··· Data excerpts
(* Let $k$ be a field of characteristic $p>0$ and let $d_1,\ldots,d_{n+1}$ be positive integers. If the algebra $k[x_1,\ldots,x_{n+1}]/(x_1^{d_1}, \ldots, x_{n+1}^{d_{n+1}})$ has the weak Lefschetz property, then there exist forms $f_1,\ldots,f_{n+1}\in R=k[x_1,\ldots,x_n]$ of degrees $d_1,\ldots,d_{n+1}$ such that \[(R/(f_1,\ldots,f_{n+1}))(t) = \left[\frac{\prod_{i=1}^{n+1}(1-t^{d_i})}{(1-t)^n} \right].\]
   Context: For a graded algebra $C=\bigoplus_{i\ge 0}C_i$ over $k$ with finite-dimensional components, $C(t)=\sum_{i\ge0}\dim_k(C_i)t^i$ is its Hilbert series. For a power series $\sum_{i\ge 0}a_it^i$ with integer coefficients, $[\sum_{i\ge0} a_i t^i]$ denotes its truncation at the first negative coefficient, i.e. $\sum_{i<i_0}a_it^i$ where $i_0$ is the least index with $a_{i_0}<0$ (the whole series if there is none). A graded artinian algebra $A$ has the weak Lefschetz property if there is a linear form $\ell\in A_1$ such that for every $i$ the map $A_i\to A_{i+1}$, $a\mapsto \ell a$, is injective or surjective. *)

theory Defs
  imports "HOL-Library.Poly_Mapping" "HOL-Computational_Algebra.Formal_Power_Series"
begin

text \<open>Multivariate polynomials over a field: finitely supported maps from monomials
(exponent vectors, finitely supported maps nat to nat; variable x_(i+1) is index i)
to coefficients.\<close>

type_synonym 'a mpoly = "(nat \<Rightarrow>\<^sub>0 nat) \<Rightarrow>\<^sub>0 'a"

definition mscale :: "'a::field \<Rightarrow> 'a mpoly \<Rightarrow> 'a mpoly" where
  "mscale c p = Poly_Mapping.map (\<lambda>x. c * x) p"

definition mvar :: "nat \<Rightarrow> 'a::{zero,one} mpoly" where
  "mvar i = Poly_Mapping.single (Poly_Mapping.single i 1) 1"

definition mdeg :: "(nat \<Rightarrow>\<^sub>0 nat) \<Rightarrow> nat" where
  "mdeg m = (\<Sum>i\<in>Poly_Mapping.keys m. Poly_Mapping.lookup m i)"

definition in_vars :: "nat \<Rightarrow> 'a::zero mpoly \<Rightarrow> bool" where
  "in_vars n p \<longleftrightarrow> (\<forall>m\<in>Poly_Mapping.keys p. Poly_Mapping.keys m \<subseteq> {..<n})"

text \<open>p is a form of degree j (0 is a form of every degree).\<close>
definition homog :: "nat \<Rightarrow> 'a::zero mpoly \<Rightarrow> bool" where
  "homog j p \<longleftrightarrow> (\<forall>m\<in>Poly_Mapping.keys p. mdeg m = j)"

definition gpart :: "nat \<Rightarrow> nat \<Rightarrow> 'a::zero mpoly set" where
  "gpart n j = {p. in_vars n p \<and> homog j p}"

definition ideal_gen :: "nat \<Rightarrow> (nat \<Rightarrow> 'a::field mpoly) \<Rightarrow> nat \<Rightarrow> 'a mpoly set" where
  "ideal_gen n F m = {(\<Sum>i<m. g i * F i) | g. \<forall>i<m. in_vars n (g i)}"

lemma vector_space_mscale: "vector_space (mscale :: 'a::field \<Rightarrow> 'a mpoly \<Rightarrow> 'a mpoly)"
  apply unfold_locales
  apply (auto simp: mscale_def poly_mapping_eq_iff fun_eq_iff Poly_Mapping.map.rep_eq lookup_add when_def mult.assoc distrib_right)
  by (metis distrib_left mult_zero_right)+

definition kdim :: "'a::field mpoly set \<Rightarrow> nat" where
  "kdim S = vector_space.dim mscale S"

text \<open>Hilbert function of k[x_1,...,x_n]/I in degree j (I a homogeneous ideal):
dim_k of (R/I)_j = R_j/(I \<inter> R_j).\<close>
definition hilb_fun :: "nat \<Rightarrow> 'a::field mpoly set \<Rightarrow> nat \<Rightarrow> nat" where
  "hilb_fun n I j = kdim (gpart n j :: 'a mpoly set) - kdim (I \<inter> gpart n j)"

definition hilb_series :: "nat \<Rightarrow> 'a::field mpoly set \<Rightarrow> int fps" where
  "hilb_series n I = Abs_fps (\<lambda>j. int (hilb_fun n I j))"

definition trunc_neg :: "int fps \<Rightarrow> int fps" where
  "trunc_neg a = Abs_fps (\<lambda>j. if (\<forall>i\<le>j. fps_nth a i \<ge> 0) then fps_nth a j else 0)"

text \<open>The power series 1/(1-t) = 1 + t + t^2 + ... with integer coefficients
(the inverse of 1 - t in Z[[t]]).\<close>
definition geom_fps :: "int fps" where
  "geom_fps = Abs_fps (\<lambda>_. 1)"

lemma geom_fps_inverse: "geom_fps * (1 - fps_X) = 1"
  by (simp add: geom_fps_def fps_eq_iff right_diff_distrib)

text \<open>Weak Lefschetz property of k[x_1,...,x_N]/I, elements of A_i represented by
forms of degree i modulo I.\<close>
definition WLP :: "nat \<Rightarrow> 'a::field mpoly set \<Rightarrow> bool" where
  "WLP N I \<longleftrightarrow> (\<exists>l\<in>gpart N 1. \<forall>i.
      (\<forall>f\<in>gpart N i. l * f \<in> I \<longrightarrow> f \<in> I) \<or>
      (\<forall>g\<in>gpart N (Suc i). \<exists>f\<in>gpart N i. g - l * f \<in> I))"

end

theory Submission
  imports Defs
begin

text \<open>Let A = k[x_1,...,x_{n+1}]/(x_1^{d_1},...,x_{n+1}^{d_{n+1}}) have Hilbert function h and a
Lefschetz element l, which may be taken nonzero, with nonzero coefficient at x_j say. Eliminating
x_j by the substitution \<sigma> that kills l identifies A/lA with R/(f_1,...,f_{n+1}) where
f_i = \<sigma>(x_i)^{d_i}. So the Hilbert function of R/(f_1,...,f_{n+1}) in degree k + 1 is the dimension of
the cokernel of multiplication by l from A_k to A_{k+1}: it is h_{k+1} - h_k while that map is
injective, and 0 once it is surjective, after which it stays surjective. Counting standard monomials
gives h(t) = \<Prod>(1 - t^{d_i})/(1 - t)^{n+1}, so this is the truncation of (1 - t) h(t) at its first
negative coefficient.\<close>

section \<open>Monomials and forms\<close>

lemma poly_mapping_sum_single:
  fixes p :: "'a \<Rightarrow>\<^sub>0 'b::comm_monoid_add"
  assumes "finite K" "Poly_Mapping.keys p \<subseteq> K"
  shows "p = (\<Sum>m\<in>K. Poly_Mapping.single m (Poly_Mapping.lookup p m))"
proof (rule poly_mapping_eqI)
  fix k
  have "(\<Sum>m\<in>K. Poly_Mapping.lookup (Poly_Mapping.single m (Poly_Mapping.lookup p m)) k)
      = (\<Sum>m\<in>K. if m = k then Poly_Mapping.lookup p m else 0)"
    by (rule sum.cong) (auto simp: lookup_single)
  also have "\<dots> = Poly_Mapping.lookup p k"
    using assms by (cases "k \<in> K") (auto simp: in_keys_iff)
  finally show "Poly_Mapping.lookup p k
      = Poly_Mapping.lookup (\<Sum>m\<in>K. Poly_Mapping.single m (Poly_Mapping.lookup p m)) k"
    by (simp add: lookup_sum)
qed

lemma poly_mapping_sum_keys:
  fixes p :: "'a \<Rightarrow>\<^sub>0 'b::comm_monoid_add"
  shows "p = (\<Sum>m\<in>Poly_Mapping.keys p. Poly_Mapping.single m (Poly_Mapping.lookup p m))"
  by (rule poly_mapping_sum_single) auto

lemma keys_add_nat:
  "Poly_Mapping.keys (a + b) = Poly_Mapping.keys a \<union> Poly_Mapping.keys (b :: 'x \<Rightarrow>\<^sub>0 nat)"
  by (auto simp: in_keys_iff lookup_add)

lemma keys_diff_subset:
  "Poly_Mapping.keys (p - q) \<subseteq> Poly_Mapping.keys p \<union> Poly_Mapping.keys (q :: 'x \<Rightarrow>\<^sub>0 'b::ab_group_add)"
  by (auto simp: in_keys_iff lookup_minus)

lemma keys_sum_subset: "Poly_Mapping.keys (sum f A) \<subseteq> (\<Union>i\<in>A. Poly_Mapping.keys (f i))"
proof (induction A rule: infinite_finite_induct)
  case (insert x F) then show ?case using keys_add[of "f x" "sum f F"] by auto
qed auto

lemma mdeg_eq_sum:
  assumes "finite K" "Poly_Mapping.keys m \<subseteq> K"
  shows "mdeg m = (\<Sum>i\<in>K. Poly_Mapping.lookup m i)"
  unfolding mdeg_def using assms
  by (intro sum.mono_neutral_left) (auto simp: in_keys_iff)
······
What you are asked to do:
Starting with the line with "(mscale :: 'a::field" above and going on through the line with "the dimension of", transcribe every line exactly, both ends included, and add nothing.

Worked solution:
lemma vector_space_mscale: "vector_space (mscale :: 'a::field \<Rightarrow> 'a mpoly \<Rightarrow> 'a mpoly)"
  apply unfold_locales
  apply (auto simp: mscale_def poly_mapping_eq_iff fun_eq_iff Poly_Mapping.map.rep_eq lookup_add when_def mult.assoc distrib_right)
  by (metis distrib_left mult_zero_right)+

definition kdim :: "'a::field mpoly set \<Rightarrow> nat" where
  "kdim S = vector_space.dim mscale S"

text \<open>Hilbert function of k[x_1,...,x_n]/I in degree j (I a homogeneous ideal):
dim_k of (R/I)_j = R_j/(I \<inter> R_j).\<close>
definition hilb_fun :: "nat \<Rightarrow> 'a::field mpoly set \<Rightarrow> nat \<Rightarrow> nat" where
  "hilb_fun n I j = kdim (gpart n j :: 'a mpoly set) - kdim (I \<inter> gpart n j)"

definition hilb_series :: "nat \<Rightarrow> 'a::field mpoly set \<Rightarrow> int fps" where
  "hilb_series n I = Abs_fps (\<lambda>j. int (hilb_fun n I j))"

definition trunc_neg :: "int fps \<Rightarrow> int fps" where
  "trunc_neg a = Abs_fps (\<lambda>j. if (\<forall>i\<le>j. fps_nth a i \<ge> 0) then fps_nth a j else 0)"

text \<open>The power series 1/(1-t) = 1 + t + t^2 + ... with integer coefficients
(the inverse of 1 - t in Z[[t]]).\<close>
definition geom_fps :: "int fps" where
  "geom_fps = Abs_fps (\<lambda>_. 1)"

lemma geom_fps_inverse: "geom_fps * (1 - fps_X) = 1"
  by (simp add: geom_fps_def fps_eq_iff right_diff_distrib)

text \<open>Weak Lefschetz property of k[x_1,...,x_N]/I, elements of A_i represented by
forms of degree i modulo I.\<close>
definition WLP :: "nat \<Rightarrow> 'a::field mpoly set \<Rightarrow> bool" where
  "WLP N I \<longleftrightarrow> (\<exists>l\<in>gpart N 1. \<forall>i.
      (\<forall>f\<in>gpart N i. l * f \<in> I \<longrightarrow> f \<in> I) \<or>
      (\<forall>g\<in>gpart N (Suc i). \<exists>f\<in>gpart N i. g - l * f \<in> I))"

end

theory Submission
  imports Defs
begin

text \<open>Let A = k[x_1,...,x_{n+1}]/(x_1^{d_1},...,x_{n+1}^{d_{n+1}}) have Hilbert function h and a
Lefschetz element l, which may be taken nonzero, with nonzero coefficient at x_j say. Eliminating
x_j by the substitution \<sigma> that kills l identifies A/lA with R/(f_1,...,f_{n+1}) where
f_i = \<sigma>(x_i)^{d_i}. So the Hilbert function of R/(f_1,...,f_{n+1}) in degree k + 1 is the dimension of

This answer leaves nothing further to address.